As a start:
1. Any 2D array can be represented as a 1d array using a transform using its 2 coordinates.
2. The 8 neighbors plus border element make a 3x3 array, centered on the border element.
int main()
{
int pg[9] = {100,101,102,110,111,112,120,121,122};
typedef int i3[3];
i3* magic = (i3*)(pg);
cout << magic[1][1]; //address pg as if it were 2-d. we mangled it into a 3x3 here
//the reshape tricks only work on solid blocks. dynamic multi-dimensional stuff can't do
//these things.
}
be creative on losing the ifs
1) consider using an enum to name your locations. it will be easier to read crd[top] and then you don't need the comments.

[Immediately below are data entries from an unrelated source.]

lemma vertex_right_of_threshold:
  assumes "beta^2 * ss / ((mu + r) * sm^2) \<le> CI"
  shows "1 + threshold \<le> threshold * (1 + q) + q"
proof -
  define K where "K = mu * sm + beta * ss"
  have K: "0 < K" using pos by (simp add: K_def add_pos_pos)
  have "threshold * q - (1 - q) = (CI * ((mu + r) * sm^2) - beta^2 * ss) / (beta * K)"
    using pos K unfolding threshold_def q_par_def K_def[symmetric]
    by (simp add: field_simps) (simp add: K_def algebra_simps power2_eq_square)
  moreover have "beta^2 * ss \<le> CI * ((mu + r) * sm^2)"
    using assms pos by (simp add: pos_divide_le_eq)
  ultimately have "0 \<le> threshold * q - (1 - q)" using pos K by simp
  then show ?thesis by (simp add: algebra_simps)
qed

lemma endemic_eq_iff:
  fixes S Im Is :: real
  shows "is_endemic_eq A sm ss mu rho beta r CI (S, Im, Is) \<longleftrightarrow>
     0 < S \<and> 0 < Im \<and> 0 < Is \<and> is_equilibrium A sm ss mu rho beta r CI (S, Im, Is)"
  by (auto simp: is_endemic_eq_def)

lemma Estar_eq:
  "Estar A sm mu rho beta r = (D / sm, mu * (R - 1) / sm, beta * (mu * (R - 1) / sm) / (mu + r))"
  by (simp add: Estar_def Let_def)

lemma endemic_below_iff:
  fixes S Im Is :: real
  assumes "Is \<le> CI"
  shows "is_endemic_eq A sm ss mu rho beta r CI (S, Im, Is) \<longleftrightarrow>
    1 < R \<and> (S, Im, Is) = Estar A sm mu rho beta r"
proof -
  have "is_endemic_eq A sm ss mu rho beta r CI (S, Im, Is) \<longleftrightarrow>
      0 < S \<and> 0 < Im \<and> 0 < Is \<and> A - sm * S * Im - mu * S = 0 \<and> (sm * S - D) * Im = 0 \<and>
      beta * Im - (mu + r) * Is = 0"
    using assms
    by (auto simp: endemic_eq_iff is_equilibrium_def rhs_def pos_part_def Tfun_def algebra_simps)
  also have "\<dots> \<longleftrightarrow> 1 < R \<and> S = D / sm \<and> Im = mu * (R - 1) / sm \<and> Is = beta * Im / (mu + r)"
  proof
    assume H: "0 < S \<and> 0 < Im \<and> 0 < Is \<and> A - sm * S * Im - mu * S = 0 \<and> (sm * S - D) * Im = 0 \<and>
      beta * Im - (mu + r) * Is = 0"
    then have Im_pos: "0 < Im" and A0: "A - sm * S * Im - mu * S = 0" and SD: "sm * S = D"
      by auto
    have Is: "Is = beta * Im / (mu + r)"
      using H pos by (simp add: field_simps)
    have S: "S = D / sm" using SD pos by (simp add: field_simps)
    have "A - sm * S * Im - mu * S = D / sm * (mu * (R - 1) - sm * Im)"
      using pos unfolding S by (subst A_eq) (simp add: field_simps)
    then have "mu * (R - 1) - sm * Im = 0" using A0 pos by simp
    then have Im: "Im = mu * (R - 1) / sm" using pos by (simp add: field_simps)
    then have "0 < mu * (R - 1) / sm" using Im_pos by simp
    then have "1 < R" using pos by (simp add: zero_less_divide_iff zero_less_mult_iff)
    then show "1 < R \<and> S = D / sm \<and> Im = mu * (R - 1) / sm \<and> Is = beta * Im / (mu + r)"
      using S Im Is by simp
  next
    assume H: "1 < R \<and> S = D / sm \<and> Im = mu * (R - 1) / sm \<and> Is = beta * Im / (mu + r)"
    then have S: "S = D / sm" and Im: "Im = mu * (R - 1) / sm" by simp_all
    have "A - sm * S * Im - mu * S = 0"
      unfolding S Im using pos by (subst A_eq) (simp add: field_simps)
    then show "0 < S \<and> 0 < Im \<and> 0 < Is \<and> A - sm * S * Im - mu * S = 0 \<and> (sm * S - D) * Im = 0 \<and>
      beta * Im - (mu + r) * Is = 0"
      using H pos by simp
  qed
  finally show ?thesis by (auto simp: Estar_eq)
qed

lemma Estar_le_iff: "snd (snd (Estar A sm mu rho beta r)) \<le> CI \<longleftrightarrow> R \<le> 1 + threshold"
proof -
  define e where "e = mu + r"
  have "0 < e" using pos by (simp add: e_def)
  then have "snd (snd (Estar A sm mu rho beta r)) - CI = mu * beta / (sm * e) * (R - 1 - threshold)"
    using pos by (simp add: Estar_eq threshold_def e_def[symmetric] field_simps)
  moreover have "0 < mu * beta / (sm * e)" using pos \<open>0 < e\<close> by simp
  ultimately show ?thesis by (smt (verit) mult_pos_pos mult_pos_neg zero_less_mult_pos)
qed

lemma second_equation_on_branch:
  fixes S Im Is x :: real
  assumes "(S, Im, Is) = branch x"
  shows "sm * S * Im + ss * S * (Is - CI) - D * Im = - (D * (mu * sm + beta * ss) / sm^2) * quad x"
proof -
  define K where "K = mu * sm + beta * ss"
  define d where "d = D"
  define R' where "R' = R"
  have "0 < K" "0 < d" using pos by (simp_all add: K_def d_def add_pos_pos)
  moreover have "S = d * x / sm" and "Im = mu * (R' - x) / sm"
    and "Is = beta * (R' - x) / sm - r * CI / mu"
    using assms by (simp_all add: branch_def d_def R'_def)
  ultimately show ?thesis
    using pos unfolding quad_def quad_coeff_def p_par_def q_par_def K_def[symmetric]
      d_def[symmetric] R'_def[symmetric]
    by (simp, simp add: field_simps, simp add: K_def algebra_simps power2_eq_square)
qed
(* Let $\mathcal{X}$ be countable and $\mathcal{H}\subseteq\{0,1\}^{\mathcal{X}}$ a class with $\mathtt{RepDim}(\mathcal{H})<\infty$. Then $\mathtt{CD}^\star(\mathcal{H})<\infty$.
   Context: A dataset of size $m$ is $S=((x_1,y_1),\dots,(x_m,y_m))\in(\mathcal{X}\times\{0,1\})^m$; it is $\mathcal{H}$-realizable if some $h\in\mathcal{H}$ satisfies $h(x_i)=y_i$ for all $i$. $G_m(\mathcal{H})$ is the graph on realizable datasets of size $m$ with $S,S'$ adjacent iff there is $x$ with $(x,0)$ appearing in $S$ and $(x,1)$ appearing in $S'$. A fractional clique of a graph $G=(V,E)$ is $\delta:V\to[0,\infty)$ with $\sum_{v\in I}\delta(v)\le1$ for every independent set $I$; $\omega^\star_m$ is the supremum of $\sum_v\delta(v)$ over fractional cliques of $G_m(\mathcal{H})$; $\mathtt{CD}^\star(\mathcal{H})=\sup\{m:\omega^\star_m=2^m\}$. For a distribution $\mathcal{D}$ on $\mathcal{X}\times\{0,1\}$, $L_{\mathcal{D}}(h)=\Pr_{(x,y)\sim\mathcal{D}}[h(x)\neq y]$, and $\mathcal{D}$ is realizable if $\inf_{h\in\mathcal{H}}L_{\mathcal{D}}(h)=0$. The representation dimension $\mathtt{RepDim}(\mathcal{H})$ is $\ln k$, where $k$ is the minimal integer for which there is a probability distribution $\mathcal{P}$ over hypothesis classes $\mathcal{C}\subseteq\{0,1\}^{\mathcal{X}}$ of size $k$ such that for every realizable $\mathcal{D}$, $\Pr_{\mathcal{C}\sim\mathcal{P}}[\exists h\in\mathcal{C}: L_{\mathcal{D}}(h)\le 1/4]\ge 3/4$ (and $\infty$ if no such $k$ exists). *)

theory Defs
  imports "HOL-Probability.Probability"
begin

type_synonym 'a dataset = "('a \<times> bool) list"

definition realizable_set :: "('a \<Rightarrow> bool) set \<Rightarrow> 'a dataset \<Rightarrow> bool" where
  "realizable_set H S \<longleftrightarrow> (\<exists>h\<in>H. \<forall>(x,y)\<in>set S. h x = y)"

definition G_vertices :: "('a \<Rightarrow> bool) set \<Rightarrow> nat \<Rightarrow> 'a dataset set" where
  "G_vertices H m = {S. length S = m \<and> realizable_set H S}"

definition G_adj :: "'a dataset \<Rightarrow> 'a dataset \<Rightarrow> bool" where
  "G_adj S S' \<longleftrightarrow> (\<exists>x. ((x,False) \<in> set S \<and> (x,True) \<in> set S') \<or>
                        ((x,True) \<in> set S \<and> (x,False) \<in> set S'))"
(* Let $\mu>0$, $1\le p<+\infty$ and $f\in L^p([0,1])$. Then for every sufficiently large $n\in\mathbb{N}$, $$\|\mathscr{L}_n^K f-f\|_p\le \frac{\ln(2+\mu)}{\ln(1+\mu)}(K_\mu+1)\,\mathcal{K}(f,\Lambda_n)_p,$$ where $K_\mu:=1+\frac{1}{1+\mu}$, $\Lambda_n:=\frac{\ln(2+\mu)}{\ln(1+\mu)}\left(1+\frac{1}{(1+\mu)\ln(1+\mu)}\right)(K_\mu+1)^{-1}T_n$, $T_n:=\frac{1}{2(n+1)}+\frac{\sqrt2}{\sqrt{n+1}}+\gamma_n$ and $\gamma_n:=\max_{x\in[0,1]}|a_{n+1}(x)-x|$.
   Context: Fix $\mu>0$. Let $\ln_\mu(x):=\ln(1+\mu+x)$ for $x\in[0,1]$, and for $f:[0,1]\to\mathbb{R}$ let $f_\mu(x):=f(x)/\ln_\mu(x)$. Let $p_{n,k}(y):=\binom{n}{k}y^k(1-y)^{n-k}$ and $a_{n+1}(x):=\dfrac{\ln\left(1+\frac{x}{(n+1)(1+\mu)}\right)}{\ln\left(1+\frac{1}{(n+1)(1+\mu)}\right)}$, $x\in[0,1]$. For $n\in\mathbb{N}$ define $\mathscr{L}_n^K f(x):=\ln_\mu(x)\sum_{k=0}^n p_{n,k}(a_{n+1}(x))\,(n+1)\int_{k/(n+1)}^{(k+1)/(n+1)} f_\mu(t)\,dt$, $x\in[0,1]$. The Peetre $K$-functional is $\mathcal{K}(f,t)_p:=\inf_{g\in C^1([0,1])}\{\|f-g\|_p+t\|g\|_{C^1}\}$ for $t>0$, where $\|g\|_{C^1}:=\|g\|_\infty+\|g'\|_\infty$ and $\|\cdot\|_p$ is the usual $L^p([0,1])$ norm. *)

theory Defs
  imports "HOL-Analysis.Analysis"
begin

definition lnmu :: "real \<Rightarrow> real \<Rightarrow> real" where
  "lnmu \<mu> x = ln (1 + \<mu> + x)"

definition fmu :: "real \<Rightarrow> (real \<Rightarrow> real) \<Rightarrow> real \<Rightarrow> real" where
  "fmu \<mu> f x = f x / lnmu \<mu> x"

definition bern :: "nat \<Rightarrow> nat \<Rightarrow> real \<Rightarrow> real" where
  "bern n k y = real (n choose k) * y ^ k * (1 - y) ^ (n - k)"

text \<open>a_{n+1}(x); the argument m plays the role of n+1\<close>
definition aseq :: "real \<Rightarrow> nat \<Rightarrow> real \<Rightarrow> real" where
  "aseq \<mu> m x = ln (1 + x / (real m * (1 + \<mu>))) / ln (1 + 1 / (real m * (1 + \<mu>)))"

definition LK :: "real \<Rightarrow> nat \<Rightarrow> (real \<Rightarrow> real) \<Rightarrow> real \<Rightarrow> real" where
  "LK \<mu> n f x = lnmu \<mu> x * (\<Sum>k=0..n. bern n k (aseq \<mu> (n+1) x) *
      (real (n+1) * integral\<^sup>L (lebesgue_on {real k / real (n+1) .. real (k+1) / real (n+1)}) (fmu \<mu> f)))"

definition in_Lp :: "real \<Rightarrow> (real \<Rightarrow> real) \<Rightarrow> bool" where
  "in_Lp p f \<longleftrightarrow> f \<in> borel_measurable (lebesgue_on {0..1}) \<and>
     integrable (lebesgue_on {0..1}) (\<lambda>x. \<bar>f x\<bar> powr p)"

definition Lp_norm :: "real \<Rightarrow> (real \<Rightarrow> real) \<Rightarrow> real" where
  "Lp_norm p f = (integral\<^sup>L (lebesgue_on {0..1}) (\<lambda>x. \<bar>f x\<bar> powr p)) powr (1 / p)"

definition C1 :: "(real \<Rightarrow> real) set" where
  "C1 = {g. \<exists>g'. continuous_on {0..1} g' \<and>
          (\<forall>x\<in>{0..1}. (g has_real_derivative g' x) (at x within {0..1}))}"

definition C1_norm :: "(real \<Rightarrow> real) \<Rightarrow> real" where
  "C1_norm g = (SUP x\<in>{0..1}. \<bar>g x\<bar>) +
               (SUP x\<in>{0..1}. \<bar>vector_derivative g (at x within {0..1})\<bar>)"

definition Kfun :: "real \<Rightarrow> (real \<Rightarrow> real) \<Rightarrow> real \<Rightarrow> real" where
  "Kfun p f t = (INF g\<in>C1. Lp_norm p (\<lambda>x. f x - g x) + t * C1_norm g)"

definition gamma :: "real \<Rightarrow> nat \<Rightarrow> real" where
  "gamma \<mu> n = (SUP x\<in>{0..1}. \<bar>aseq \<mu> (n+1) x - x\<bar>)"

definition Tn :: "real \<Rightarrow> nat \<Rightarrow> real" where
  "Tn \<mu> n = 1 / (2 * real (n+1)) + sqrt 2 / sqrt (real (n+1)) + gamma \<mu> n"

definition Kmu :: "real \<Rightarrow> real" where
  "Kmu \<mu> = 1 + 1 / (1 + \<mu>)"

definition Lambda :: "real \<Rightarrow> nat \<Rightarrow> real" where
  "Lambda \<mu> n = ln (2 + \<mu>) / ln (1 + \<mu>) * (1 + 1 / ((1 + \<mu>) * ln (1 + \<mu>)))
                 * inverse (Kmu \<mu> + 1) * Tn \<mu> n"

end

theory Submission
  imports Defs
begin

2) you can iterate using these enums. for(i = top, i <= upper_right; i++) if(crd[i] < 0) crd[i]+= gridfields; or something like that. there are other ways too-- you can make what to do for true and false:
int tf[2] = {0,gridfields};
...
crd[4] += tf[crd[4] <0]; //false adds zero, true adds gridfields... no if statement.
not saying any of this is the right way to do it, but you asked. Any or all of these tricks can be useful when fixing pre c98 code, though and getting rid of if statements this way is faster in some code (not all) than using a branch.